I made some inadequate assumptions about string lengths, and so where there is more data in a field than available memory to store it in, there is a segmentation fault or crash or the equivalent thereof.

I have made some adjustments that relax these assumptions considerably, which I hope will address conversion of most VCF inputs going forwards. I will likely push out a v2.4.15 release in the next day or two after I have finished testing.

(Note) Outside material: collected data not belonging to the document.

(* There exist a closed flat surface $N$ and a configuration of two disjoint embedded open metric disks of the same diameter $h$ in $N$, with centers at distance $d$, realizing the supremum of $h\sqrt{4h^2+d^2}/\mathsf{vol}(N)$ over all closed flat surfaces and all such configurations of two disjoint disks of equal diameter.
   Context: A closed flat surface is a flat torus or flat Klein bottle; $\mathsf{vol}$ is area; $d$ is the distance between the centers of the two disks in the flat metric. *)

theory Defs
  imports Complex_Main
begin

text \<open>The Euclidean plane is modelled by the complex numbers.  A closed flat
surface is a flat torus or a flat Klein bottle, given as the quotient of the
plane by its deck group.\<close>

datatype flat_surface =
    FlatTorus complex complex   (* C / (Z u + Z v) *)
  | FlatKlein real real         (* C / <z |-> cnj z + a, z |-> z + i b> *)

fun flat_surface_ok :: "flat_surface \<Rightarrow> bool" where
  "flat_surface_ok (FlatTorus u v) = (Im (cnj u * v) \<noteq> 0)"
| "flat_surface_ok (FlatKlein a b) = (a > 0 \<and> b > 0)"

fun deck_group :: "flat_surface \<Rightarrow> (complex \<Rightarrow> complex) set" where
  "deck_group (FlatTorus u v) =
     {(\<lambda>z. z + of_int m * u + of_int n * v) | m n :: int. True}"
| "deck_group (FlatKlein a b) =
     {(\<lambda>z. (if even k then z else cnj z) + of_int k * complex_of_real a
            + of_int n * complex_of_real b * \<i>) | k n :: int. True}"

fun flat_vol :: "flat_surface \<Rightarrow> real" where
  "flat_vol (FlatTorus u v) = \<bar>Im (cnj u * v)\<bar>"
| "flat_vol (FlatKlein a b) = a * b"

definition flat_dist :: "flat_surface \<Rightarrow> complex \<Rightarrow> complex \<Rightarrow> real" where
  "flat_dist N p q = Inf {dist p (g q) | g. g \<in> deck_group N}"
(* Assume (A1)–(A4) hold and that the sequence $\{x_k\}$ generated by LMTR converges to a solution $x^*$ of $h(x)=0$; let $\theta\in[0,1[$ be the Łojasiewicz exponent of $\psi$ at $x^*$ and $\delta$ the Hölder order from (A1). Then: (i) for all sufficiently large $k$, $x_{k+1}=x_k+d_k$, where $d_k$ is the direction computed at the start of iteration $k$ with the current value $\lambda_k$ (i.e., $p_k=0$); (ii) there exist constants $s>0$, $\overline{s}>0$ and $k'\in\mathbb{N}$ such that, if $x_{k'}\in\mathbb{B}(x^*,s)$, then $\{x_k\}_{k\ge k'}\subset\mathbb{B}(x^*,\overline{s})$, $\psi(x_k)\to0$ and $\mathrm{dist}(x_k,\Omega)\to0$ as $k\to\infty$; (iii) if $\theta=0$, the sequences $\{\psi(x_k)\}$ and $\{\mathrm{dist}(x_k,\Omega)\}$ converge to $0$ in a finite number of steps; (iv) if $\theta\in\,]0,\frac12]$, the sequences $\{\psi(x_k)\}$ and $\{\mathrm{dist}(x_k,\Omega)\}$ converge linearly to $0$; (v) if $\theta\in\,]\frac12,1[$, there exist positive constants $\varsigma_1,\varsigma_2$ such that for all large $k$, \[ \psi(x_k)\le\varsigma_1k^{-\frac{1}{2\theta-1}}\quad\text{and}\quad\mathrm{dist}(x_k,\Omega)\le\varsigma_2k^{-\frac{\delta}{2(2\theta-1)}}. \]
   Context: Let $h:\mathbb{R}^m\to\mathbb{R}^n$ be continuously differentiable; $\nabla h(x)\in\mathbb{R}^{m\times n}$ denotes the transposed Jacobian, $\|\cdot\|$ the Euclidean norm (operator norm for matrices), $\psi(x):=\frac12\|h(x)\|^2$, $\nabla\psi(x)=\nabla h(x)h(x)$; $\Omega:=\{x:h(x)=0\}\ne\emptyset$; $\mathbb{B}(x,r)$ is the closed ball of radius $r$ about $x$; $\mathcal{L}(x_0):=\{x:\psi(x)\le\psi(x_0)\}$; $q_k(d):=\frac12\|\nabla h(x_k)^Td+h(x_k)\|^2$. Assumptions: (A1) $h$ is Hölder metrically subregular of order $\delta\in\,]0,1]$ at $(x^*,0)$: there are $\beta>0$, $\mathtt r\in\,]0,1[$ with $\beta\,\mathrm{dist}(x,\Omega)\le\|h(x)\|^\delta$ for all $x\in\mathbb{B}(x^*,\mathtt r)$. (A2) $\mathcal{L}(x_0)$ is bounded. (A3) $\|\nabla h(x)-\nabla h(y)\|\le L\|x-y\|$ for all $x,y$. (A4) $\psi$ satisfies the Łojasiewicz gradient inequality: for every critical point $\bar x$ of $\psi$ there exist $\kappa>0$, $r_{\bar x}>0$ and $\theta\in[0,1[$ such that $|\psi(x)-\psi(\bar x)|^\theta\le\kappa\|\nabla\psi(x)\|$ for all $x\in\mathbb{B}(\bar x,r_{\bar x})$. Algorithm LMTR: parameters $x_0$, $\varepsilon>0$, $\eta\in\,]0,4\delta[$, $0<\rho_2<1<\rho_1$, $0<\upsilon_1<\upsilon_2<1$, $\mu_{\min}>0$, $0\le\xi_{\min}\le\xi_{\max}$, $0\le\omega_{\min}\le\omega_{\max}$ with $\xi_{\min}+\omega_{\min}>0$, $0\le\theta_{\min}\le\theta_{\max}<1$, sequences $\xi_k\in[\xi_{\min},\xi_{\max}]$, $\omega_k\in[\omega_{\min},\omega_{\max}]$, $\theta_k\in[\theta_{\min},\theta_{\max}]$; $\lambda_0:=1$, $D_0:=\psi(x_0)$. At iteration $k$: stop if $\|h(x_k)\|\le\varepsilon$ or $\|\nabla\psi(x_k)\|\le\varepsilon$. Otherwise $\mu_k:=\xi_k\|h(x_k)\|^\eta+\omega_k\|\nabla h(x_k)h(x_k)\|^\eta$. For a value $\lambda>0$ set $\widehat\mu:=\max\{\mu_{\min},\lambda\mu_k\}$, let $d$ solve $(\nabla h(x_k)\nabla h(x_k)^T+\widehat\mu I)d=-\nabla h(x_k)h(x_k)$ and $\widehat r:=(D_k-\psi(x_k+d))/(q_k(0)-q_k(d))$. Starting from $\lambda=\lambda_k$, replace $\lambda$ by $\rho_1\lambda$ as long as $\widehat r<\upsilon_1$; $p_k$ is the number of replacements and the accepted step is the final $d$. Then $x_{k+1}:=x_k+(\text{accepted step})$, $\lambda_{k+1}:=\rho_2\rho_1^{p_k}\lambda_k$ if the final $\widehat r\ge\upsilon_2$, else $\lambda_{k+1}:=\rho_1^{p_k}\lambda_k$, and $D_{k+1}:=(1-\theta_k)\psi(x_{k+1})+\theta_kD_k$. *)

theory Defs
  imports "HOL-Analysis.Analysis"
begin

In the meantime, let me know if you have any questions and thanks for the bug report.
« Last Edit: January 21, 2016, 05:03:41 PM by AlexReynolds »

AlexReynolds

  • Administrator
  • Jr. Member
  • *****
  • Posts: 72
Re: vcf2bed Problem
« Reply #4 on: January 22, 2016, 01:19:45 AM »
Please see:

https://github.com/bedops/bedops/releases/tag/v2.4.15

for updated installer packages and source code.

j-andrews7

  • Newbie
  • *
  • Posts: 9
Re: vcf2bed Problem
« Reply #5 on: January 22, 2016, 09:22:27 AM »
Great, thanks. Have you considered creating the reverse programs (bed2vcf, etc)? I know it's not terribly difficult to do with awk, etc, but it'd be pretty convenient, especially for longer workflows. Thanks again!

AlexReynolds

  • Administrator
  • Jr. Member
  • *****
  • Posts: 72
Re: vcf2bed Problem
« Reply #6 on: January 22, 2016, 01:33:47 PM »
It's an interesting idea. Conversion of some formats discards information. Default conversion of VCF to BED discards the header, for example. So I think it might be difficult to (reliably) go back to the original, in some cases.

j-andrews7

  • Newbie
  • *
  • Posts: 9
Re: vcf2bed Problem
« Reply #7 on: January 22, 2016, 02:53:10 PM »
Yeah, that's true. The only VCF headers that are required are the fileformat, contigs, and the #CHROM ID REF, etc line. And I think the FILTER line if it's anything other than "." or "PASSED" for that column. INFO/FORMAT lines are technically optional, though some tools will require them to do operations. Other formats would probably be more of a hassle though.